Chce się spytać o wasze pierwsze bassowki, gdyż chciałbym dopasować jakąś
do siebie. Na gitarę mogęwydać +- 1000zł i pasujący do niej piec

(np giata 1000zł, piec 500zł). Lubie kapele typu tool,rhcp,Mastodo,Disturbed
oraz inne. Chciałbym dowiedzieć się jaka jest najlepsze gitara w granicach
tej ceny, oraz prostej dla nowicjuszy. Piec nie musi być wypasiony, taki do
grania w domu. Bardzo proszę o opinie.

Z góry dziękuję

Podziel się swoją opinią

31 komentarzy

  1. Myślałem nad cortem c4 ale nie wiem czy to były dobry wybór. hmm czyli OLP
    MM2 polecasz? Zobaczę opinie ;>

  2. Sam mam OLP od niedawna, nie jestem jakimś wyjątkowym znawcą gitar, ale mogę
    go polecić na pewno, myśle ze w tej cenie to bardzo dobry wybór. Do tego
    jakieś fajne combo i masz super zestawik 🙂 Ale najlepiej idź do sklepu i sam
    sobacz co Ci pasuje, co nie, bo tobie może się ten OLP nie spodobać 🙂

  3. A jaki masz do niego piec? Ściągnę sobie brzmienie tego basiku i po próbuje
    sobie w sklepie.

  4. Ja na razie zadnego swojego pieca nie mam 🙂

    Ale za 500zł to chyba można kupić jakiś fajny, np.
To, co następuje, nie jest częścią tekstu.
(* Let $(\Omega,\mathcal{F},\mathbb{P})$ be a nonatomic probability space, let $a>0$, $c\ge0$, $C=\frac1a(1+ac-\sqrt{1+a^2c^2})$, and let $u(x)=C$ for $x\ge c$ and $u(x)=\frac1a(1+ax-\sqrt{1+a^2x^2})$ for $x<c$. Let $\alpha<C$ and set $\mathcal{A}_u^\infty=\{X\in L^\infty:\mathbb{E}[u(X)]\ge\alpha\}$. Let $S=(S_0,S_T)$ be a traded asset with $S_T\in L^\infty$ and assume $\rho_{\mathcal{A}_u^\infty,S}$ is finite-valued on $L^\infty$. Then $\mathrm{Index}_{\mathrm{fin}}(\rho_{\mathcal{A}_u^\infty,S})=1$ and the infimum defining the index is attained.
   Context: A traded asset is $S=(S_0,S_T)$ with $S_0>0$, $S_T\ge0$ a.s., $S_T\ne0$. For $\mathcal{B}\subset L^\infty$, $\rho_{\mathcal{B},S}(X)=\inf\{m\in\mathbb{R}:X+\frac{m}{S_0}S_T\in\mathcal{B}\}$. For a convex, law-invariant acceptance set $\mathcal{A}\subset L^\infty$ with $\rho_{\mathcal{A},S}$ finite-valued on $L^\infty$, $\mathrm{Index}_{\mathrm{fin}}(\rho_{\mathcal{A},S})=\inf\{p\in[1,\infty):\text{the closure of }\mathcal{A}\text{ in }L^p\text{ has nonempty interior in }L^p\}$, with $\inf\emptyset=\infty$; the index is attained if this infimum belongs to the set. *)

theory Defs
  imports "HOL-Probability.Probability"
begin

text \<open>Random variables are real-valued functions on the sample space; L^p spaces are
  represented by their (measurable) representatives, with the L^p seminorm.\<close>

definition nonatomic :: "'a measure \<Rightarrow> bool" where
  "nonatomic M \<longleftrightarrow> (\<forall>A\<in>sets M. measure M A > 0 \<longrightarrow>
      (\<exists>B\<in>sets M. B \<subseteq> A \<and> 0 < measure M B \<and> measure M B < measure M A))"

definition Linf :: "'a measure \<Rightarrow> ('a \<Rightarrow> real) set" where
  "Linf M = {X. X \<in> borel_measurable M \<and> (\<exists>B. AE \<omega> in M. \<bar>X \<omega>\<bar> \<le> B)}"

definition Lp :: "'a measure \<Rightarrow> real \<Rightarrow> ('a \<Rightarrow> real) set" where
  "Lp M p = {X. X \<in> borel_measurable M \<and> integrable M (\<lambda>\<omega>. \<bar>X \<omega>\<bar> powr p)}"

definition Lp_norm :: "'a measure \<Rightarrow> real \<Rightarrow> ('a \<Rightarrow> real) \<Rightarrow> real" where
  "Lp_norm M p X = (integral\<^sup>L M (\<lambda>\<omega>. \<bar>X \<omega>\<bar> powr p)) powr (1 / p)"

definition Lp_closure :: "'a measure \<Rightarrow> real \<Rightarrow> ('a \<Rightarrow> real) set \<Rightarrow> ('a \<Rightarrow> real) set" where
  "Lp_closure M p A = {X \<in> Lp M p. \<forall>\<epsilon>>0. \<exists>Y\<in>A. Lp_norm M p (\<lambda>\<omega>. X \<omega> - Y \<omega>) < \<epsilon>}"

definition Lp_interior_nonempty :: "'a measure \<Rightarrow> real \<Rightarrow> ('a \<Rightarrow> real) set \<Rightarrow> bool" where
  "Lp_interior_nonempty M p B \<longleftrightarrow> (\<exists>X\<in>Lp M p. \<exists>\<epsilon>>0.
      \<forall>Y\<in>Lp M p. Lp_norm M p (\<lambda>\<omega>. Y \<omega> - X \<omega>) < \<epsilon> \<longrightarrow> Y \<in> B)"

definition index_set :: "'a measure \<Rightarrow> ('a \<Rightarrow> real) set \<Rightarrow> real set" where
  "index_set M A = {p. 1 \<le> p \<and> Lp_interior_nonempty M p (Lp_closure M p A)}"

text \<open>Index_fin; the infimum of the empty set is \<infinity> in ereal.\<close>
definition Index_fin :: "'a measure \<Rightarrow> ('a \<Rightarrow> real) set \<Rightarrow> ereal" where
  "Index_fin M A = Inf (ereal ` index_set M A)"

definition index_attained :: "'a measure \<Rightarrow> ('a \<Rightarrow> real) set \<Rightarrow> bool" where
  "index_attained M A \<longleftrightarrow> Index_fin M A \<in> ereal ` index_set M A"

definition traded_asset :: "'a measure \<Rightarrow> real \<Rightarrow> ('a \<Rightarrow> real) \<Rightarrow> bool" where
  "traded_asset M S0 ST \<longleftrightarrow> S0 > 0 \<and> ST \<in> borel_measurable M \<and>
      (AE \<omega> in M. ST \<omega> \<ge> 0) \<and> \<not> (AE \<omega> in M. ST \<omega> = 0)"

definition rho :: "('a \<Rightarrow> real) set \<Rightarrow> real \<Rightarrow> ('a \<Rightarrow> real) \<Rightarrow> ('a \<Rightarrow> real) \<Rightarrow> ereal" where
  "rho B S0 ST X = Inf {ereal m | m. (\<lambda>\<omega>. X \<omega> + (m / S0) * ST \<omega>) \<in> B}"

definition finite_valued_on_Linf :: "'a measure \<Rightarrow> (('a \<Rightarrow> real) \<Rightarrow> ereal) \<Rightarrow> bool" where
  "finite_valued_on_Linf M r \<longleftrightarrow> (\<forall>X\<in>Linf M. \<bar>r X\<bar> \<noteq> \<infinity>)"

definition uC :: "real \<Rightarrow> real \<Rightarrow> real" where
  "uC a c = (1 + a * c - sqrt (1 + a\<^sup>2 * c\<^sup>2)) / a"

definition u :: "real \<Rightarrow> real \<Rightarrow> real \<Rightarrow> real" where
  "u a c x = (if x \<ge> c then uC a c else (1 + a * x - sqrt (1 + a\<^sup>2 * x\<^sup>2)) / a)"

definition A_u_inf :: "'a measure \<Rightarrow> real \<Rightarrow> real \<Rightarrow> real \<Rightarrow> ('a \<Rightarrow> real) set" where
  "A_u_inf M a c \<alpha> = {X \<in> Linf M. integral\<^sup>L M (\<lambda>\<omega>. u a c (X \<omega>)) \<ge> \<alpha>}"

end

theory Submission
  imports Defs
begin

text \<open>Below the cap, \<open>u\<close> is \<open>x \<mapsto> (1 + a x - \<surd>(1 + a\<^sup>2x\<^sup>2))/a\<close>, whose slope lies in \<open>[0, 2]\<close>
  because \<open>\<surd>(1 + x\<^sup>2)\<close> is 1-Lipschitz. Hence \<open>u \<le> C\<close> and \<open>u(x) \<ge> C - 2|x - c|\<close>, so
  \<open>E[u(X)] \<ge> C - 2 E|X - c|\<close> for bounded \<open>X\<close>: every bounded \<open>X\<close> in the \<open>L\<^sup>1\<close>-ball of radius
  \<open>(C - \<alpha>)/2\<close> around the constant \<open>c\<close> is acceptable. Truncations of an integrable \<open>X\<close> in that ball
  stay in it and converge in \<open>L\<^sup>1\<close>, so the \<open>L\<^sup>1\<close>-closure of the acceptance set contains the whole
  ball; thus \<open>1\<close> belongs to the index set, and it is its least possible element.\<close>

lemma sqrt_one_plus_square_lipschitz:
  fixes s t :: real
  shows "\<bar>sqrt (1 + s\<^sup>2) - sqrt (1 + t\<^sup>2)\<bar> \<le> \<bar>s - t\<bar>"
proof -
  have "\<bar>norm (1::real, s) - norm (1::real, t)\<bar> \<le> norm ((1::real, s) - (1, t))"
    by (rule norm_triangle_ineq3)
  then show ?thesis by (simp add: norm_Pair)
qed

lemma u_below_cap:
  assumes "a > 0" "x < c"
  shows "u a c x = (1 + a * x - sqrt (1 + (a * x)\<^sup>2)) / a"
    and "uC a c = (1 + a * c - sqrt (1 + (a * c)\<^sup>2)) / a"
  using assms by (simp_all add: u_def uC_def power_mult_distrib)

lemma u_le_uC:
  assumes "a > 0"
  shows "u a c x \<le> uC a c"
proof (cases "x < c")
  case True
  have "a * x < a * c" using assms True by simp
  then have "sqrt (1 + (a * c)\<^sup>2) - sqrt (1 + (a * x)\<^sup>2) \<le> a * c - a * x"
    using sqrt_one_plus_square_lipschitz[of "a * c" "a * x"] by linarith
  then show ?thesis
    using assms True by (simp add: u_below_cap divide_right_mono)
qed (simp add: u_def)

lemma uC_minus_u_le:
  assumes "a > 0"
  shows "uC a c - u a c x \<le> 2 * \<bar>x - c\<bar>"
proof (cases "x < c")
  case True
  have "sqrt (1 + (a * x)\<^sup>2) - sqrt (1 + (a * c)\<^sup>2) \<le> a * c - a * x"
    using sqrt_one_plus_square_lipschitz[of "a * x" "a * c"] assms True by simp
  then have "(1 + a * c - sqrt (1 + (a * c)\<^sup>2)) - (1 + a * x - sqrt (1 + (a * x)\<^sup>2))
      \<le> a * (2 * \<bar>x - c\<bar>)"
    using True by (simp add: algebra_simps)
  then show ?thesis
    using assms True by (simp add: u_below_cap diff_divide_distrib[symmetric] pos_divide_le_eq mult.commute)
qed (simp add: u_def)

lemma abs_u_le:
  assumes "a > 0"
  shows "\<bar>u a c x\<bar> \<le> 2 * \<bar>uC a c\<bar> + 2 * \<bar>x - c\<bar>"
  using u_le_uC[OF assms, of c x] uC_minus_u_le[OF assms, of c x] by linarith

lemma u_measurable [measurable]: "u a c \<in> borel_measurable borel"
  unfolding u_def by measurable

lemma expectation_u_ge:
  assumes "prob_space M" "a > 0" "X \<in> Linf M"
  shows "integrable M (\<lambda>\<omega>. u a c (X \<omega>))"
    and "uC a c - 2 * (\<integral>\<omega>. \<bar>X \<omega> - c\<bar> \<partial>M) \<le> (\<integral>\<omega>. u a c (X \<omega>) \<partial>M)"
proof -
  interpret prob_space M by fact
  obtain B where [measurable]: "X \<in> borel_measurable M"
    and bound: "AE \<omega> in M. \<bar>X \<omega>\<bar> \<le> B"
    using assms(3) unfolding Linf_def by auto
  have dist_int: "integrable M (\<lambda>\<omega>. \<bar>X \<omega> - c\<bar>)"
    by (rule integrable_const_bound[where B = "B + \<bar>c\<bar>"]) (use bound in auto)
  show u_int: "integrable M (\<lambda>\<omega>. u a c (X \<omega>))"
  proof (rule integrable_const_bound[where B = "2 * \<bar>uC a c\<bar> + 2 * (B + \<bar>c\<bar>)"])
    show "AE \<omega> in M. norm (u a c (X \<omega>)) \<le> 2 * \<bar>uC a c\<bar> + 2 * (B + \<bar>c\<bar>)"
      using bound
    proof eventually_elim
      case (elim \<omega>)
      then have "\<bar>X \<omega> - c\<bar> \<le> B + \<bar>c\<bar>" by linarith
      then show ?case using abs_u_le[OF assms(2), of c "X \<omega>"] by simp
    qed
  qed simp
  have "uC a c - 2 * (\<integral>\<omega>. \<bar>X \<omega> - c\<bar> \<partial>M) = (\<integral>\<omega>. uC a c - 2 * \<bar>X \<omega> - c\<bar> \<partial>M)"
    using dist_int by (simp add: prob_space)
  also have "\<dots> \<le> (\<integral>\<omega>. u a c (X \<omega>) \<partial>M)"
    using uC_minus_u_le[OF assms(2)] u_int dist_int
    by (intro integral_mono) (auto simp: algebra_simps)
  finally show "uC a c - 2 * (\<integral>\<omega>. \<bar>X \<omega> - c\<bar> \<partial>M) \<le> (\<integral>\<omega>. u a c (X \<omega>) \<partial>M)" .
qed

definition truncation :: "real \<Rightarrow> real \<Rightarrow> real" where
  "truncation n y = max (- n) (min n y)"

lemma truncation_tendsto_L1:
  assumes "integrable M X"
  shows "(\<lambda>n. \<integral>\<omega>. \<bar>X \<omega> - truncation (real n) (X \<omega>)\<bar> \<partial>M) \<longlonglongrightarrow> 0"
proof -
  have [measurable]: "X \<in> borel_measurable M" using assms by auto
  have "(\<lambda>n. \<integral>\<omega>. \<bar>X \<omega> - truncation (real n) (X \<omega>)\<bar> \<partial>M) \<longlonglongrightarrow> (\<integral>\<omega>. 0 \<partial>M)"
  proof (rule integral_dominated_convergence[where w = "\<lambda>\<omega>. \<bar>X \<omega>\<bar>"])
    show "AE \<omega> in M. (\<lambda>n. \<bar>X \<omega> - truncation (real n) (X \<omega>)\<bar>) \<longlonglongrightarrow> 0"
    proof (rule AE_I2)
      fix \<omega>
      obtain N :: nat where "\<bar>X \<omega>\<bar> \<le> real N" using real_arch_simple by blast
      then have "\<forall>n\<ge>N. \<bar>X \<omega> - truncation (real n) (X \<omega>)\<bar> = 0"
        by (auto simp: truncation_def)
      then show "(\<lambda>n. \<bar>X \<omega> - truncation (real n) (X \<omega>)\<bar>) \<longlonglongrightarrow> 0"
        by (intro tendsto_eventually) (auto simp: eventually_sequentially)
    qed
  qed (use assms in \<open>auto simp: truncation_def\<close>)
  then show ?thesis by simp
qed

lemma Lp_one: "Lp M 1 = {X. integrable M X}"
  unfolding Lp_def by (auto simp: integrable_abs_iff)

lemma Lp_norm_one: "Lp_norm M 1 X = (\<integral>\<omega>. \<bar>X \<omega>\<bar> \<partial>M)"
  unfolding Lp_norm_def by (simp add: integral_nonneg_AE)

lemma L1_ball_subset_closure_A_u_inf:
  assumes "prob_space M" "a > 0" "integrable M X"
    and "(\<integral>\<omega>. \<bar>X \<omega> - c\<bar> \<partial>M) \<le> (uC a c - \<alpha>) / 2"
  shows "X \<in> Lp_closure M 1 (A_u_inf M a c \<alpha>)"
  unfolding Lp_closure_def
proof (intro CollectI conjI allI impI)
  interpret prob_space M by fact
  have [measurable]: "X \<in> borel_measurable M" using assms(3) by auto
  show "X \<in> Lp M 1" using assms(3) by (simp add: Lp_one)
  fix \<epsilon> :: real assume "\<epsilon> > 0"
  then obtain N where N: "\<And>n. n \<ge> N \<Longrightarrow> (\<integral>\<omega>. \<bar>X \<omega> - truncation (real n) (X \<omega>)\<bar> \<partial>M) < \<epsilon>"
    using truncation_tendsto_L1[OF assms(3)] unfolding LIMSEQ_def by (auto simp: dist_real_def)
  obtain n :: nat where "n \<ge> N" "\<bar>c\<bar> \<le> real n"
    using real_arch_simple[of "\<bar>c\<bar>"] by (metis le_cases nat_le_real_less of_nat_le_iff order.trans)
  define Z where "Z = (\<lambda>\<omega>. truncation (real n) (X \<omega>))"
  have [measurable]: "Z \<in> borel_measurable M"
    unfolding Z_def truncation_def by measurable
  have Z_bound: "\<bar>Z \<omega>\<bar> \<le> real n" for \<omega> unfolding Z_def truncation_def by auto
  then have Z_Linf: "Z \<in> Linf M" unfolding Linf_def by auto
  have "integrable M (\<lambda>\<omega>. \<bar>Z \<omega> - c\<bar>)"
    by (rule integrable_const_bound[where B = "real n + \<bar>c\<bar>"])
       (use Z_bound in \<open>auto intro!: AE_I2 abs_triangle_ineq4[THEN order_trans] add_mono\<close>)
  moreover have "\<bar>Z \<omega> - c\<bar> \<le> \<bar>X \<omega> - c\<bar>" for \<omega>
    using \<open>\<bar>c\<bar> \<le> real n\<close> unfolding Z_def truncation_def by auto
  ultimately have "(\<integral>\<omega>. \<bar>Z \<omega> - c\<bar> \<partial>M) \<le> (\<integral>\<omega>. \<bar>X \<omega> - c\<bar> \<partial>M)"
    using assms(3) by (intro integral_mono) auto
  then have "\<alpha> \<le> (\<integral>\<omega>. u a c (Z \<omega>) \<partial>M)"
    using expectation_u_ge(2)[OF assms(1,2) Z_Linf, of c] assms(4) by argo
  then have "Z \<in> A_u_inf M a c \<alpha>" using Z_Linf unfolding A_u_inf_def by auto
  moreover have "Lp_norm M 1 (\<lambda>\<omega>. X \<omega> - Z \<omega>) < \<epsilon>"
    using N[OF \<open>n \<ge> N\<close>] by (simp add: Lp_norm_one Z_def)
  ultimately show "\<exists>Y\<in>A_u_inf M a c \<alpha>. Lp_norm M 1 (\<lambda>\<omega>. X \<omega> - Y \<omega>) < \<epsilon>" by blast
qed

lemma one_in_index_set_A_u_inf:
  assumes "prob_space M" "a > 0" "\<alpha> < uC a c"
  shows "1 \<in> index_set M (A_u_inf M a c \<alpha>)"
  unfolding index_set_def Lp_interior_nonempty_def
proof (intro CollectI conjI bexI[of _ "\<lambda>_. c"] exI[of _ "(uC a c - \<alpha>) / 2"] ballI impI)
  interpret prob_space M by fact
  show "(\<lambda>_. c) \<in> Lp M 1" by (simp add: Lp_one)
  show "0 < (uC a c - \<alpha>) / 2" using assms(3) by simp
  fix X assume "X \<in> Lp M 1" "Lp_norm M 1 (\<lambda>\<omega>. X \<omega> - c) < (uC a c - \<alpha>) / 2"
  then show "X \<in> Lp_closure M 1 (A_u_inf M a c \<alpha>)"
    using assms by (intro L1_ball_subset_closure_A_u_inf) (auto simp: Lp_one Lp_norm_one)
qed simp

lemma Index_fin_eq_one:
  assumes "1 \<in> index_set M A"
  shows "Index_fin M A = 1" and "index_attained M A"
proof -
  have one: "1 \<in> ereal ` index_set M A" using assms by (metis image_eqI one_ereal_def)
  show "Index_fin M A = 1"
    unfolding Index_fin_def
    by (rule Inf_eqI) (use one in \<open>auto simp: index_set_def\<close>)
  then show "index_attained M A" using one by (simp add: index_attained_def)
qed

theorem corollary6p9:
  fixes M :: "'a measure" and a c \<alpha> S0 :: real and ST :: "'a \<Rightarrow> real"
  assumes "prob_space M"
    and "nonatomic M"
    and "a > 0" and "c \<ge> 0"
    and "\<alpha> < uC a c"
    and "traded_asset M S0 ST" and "ST \<in> Linf M"
    and "finite_valued_on_Linf M (rho (A_u_inf M a c \<alpha>) S0 ST)"
  shows "Index_fin M (A_u_inf M a c \<alpha>) = 1 \<and> index_attained M (A_u_inf M a c \<alpha>)"
  \<comment> \<open>Nonatomicity, the asset and the finiteness of \<open>\<rho>\<close> play no role: the index cannot go below 1.\<close>
  using Index_fin_eq_one[OF one_in_index_set_A_u_inf[OF assms(1,3,5)]] by blast

end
Hartke B300 albo Ashdown
    a jakiegoś, nie wiem co lepsze?

  5. moja pierwsza gitara basowa była plastikowa ze strunami z żyłki 🙂 a
    dostałam ją w wieku 6 lat :):) heheh pociupałam na nim że szok :):) ..a
    taki prawdziwy bas mój to był DEFIL muza :):)

    ——————–

    PANCIARKA

    ——————–

  6. Moj pierwszy bas to był czarny, czeski Iris Bass – kupilem go za 20zł w
    badziewiaku. 😛

  7. Bierz OLP tylko musisz się przyzwyczaic i musi Ci on pasowac, a piec to LDM.
    Bedziesz miał i na próby na do domu ;p

  8. Mój pierwszy bas (który grał bo wcześniej miałem taki który nie grał w
    ogóle) był produkcji ZSRR. Był koloru wyłączonego starego telewizora i
    ważył około 1/2 tony. Odległość strun od podstrunnicy wynosiła jakieś
    pół metra a przystawki miały sygnał mocny jak komar bicepsy. Kupiłem ją
    za 400 tysięcy złotych, więc tani nie był 🙂 Rozłożyłem ją na elementy
    pierwsze i złożyłem przy pomocy bardziej kumatego kolegi dzięki czemu dało
    się na nim jakoś od biedy grać i grałem na nim jeszcze jakieś półtora
    roku, w międzyczasie przemalowawszy ją na czarno sprayem samochodowym.
    Najciekawszy patent to był tylny zaczep na pasek. Po odkręceniu go ze środka
    można było wyjąć mały śrubokręt. Potem to zgubiłem więc śrubokręt
    został zastąpiony śrubą od wersalki. Oglnie masakryczny sprzęt a
    najfajniejsze że udało mi się go jeszcze sprzedać za 50zł. Zatem
    ruskich basów nie kupuj 🙂 taka moja rada. A już zupełnie poważnie to
    poczytaj poszukaj a potem ograj to o czym przeczytasz i co Ci koledzy doradzą
    i sam wybierz.

  9. Ahhh…moim pierwszym basem był Orfeuss Bass, produkowany w latach
    osiemdziesiątych w Bułgarii. Kupiłem go za całe 100złodziei. Taka kopia
    Fender Precision. Grałem na nim ponad trzy miechy. Struny wysoko, że aż
    strach, ale dałem rade. Po przerobieniu go na bas pięciostrunowy (!)
    sprzedałem go. Potem był pięciostrunowy SkyWay. Na początku zachwyt,
    uśmiech, ale z czasem gdy nabrałem doświadczenia, zauważyłem jego wady:
    ostre progi, niechlujne wykończenie, „bananowy” gryf itd…Kolejnym basem był
    OLP MM2, którego mam do dzisiaj i bardzo sobie chwalę, aczkolwiek skłonny
    jestem wymienić go na OLP MM3 😛 No i całkiem niedawno stałem się
    posiadaczem Mayonesa Pressisiona 🙂 bardzo udane wiosło, dużo doła ma,
    wygodnie się gra, miód po prostu 😉

  10. @Teron: Myślałem nad cortem c4 ale nie wiem czy to były dobry wybór. hmm czyli OLP MM2 polecasz? Zobaczę opinie ;>

    Oba wiosła stoją na podobnym poziomie jeśli chodzi o jakość, także każde
    z nich byłoby dobrym wyborem – bierz ten który ci bardziej pasuje.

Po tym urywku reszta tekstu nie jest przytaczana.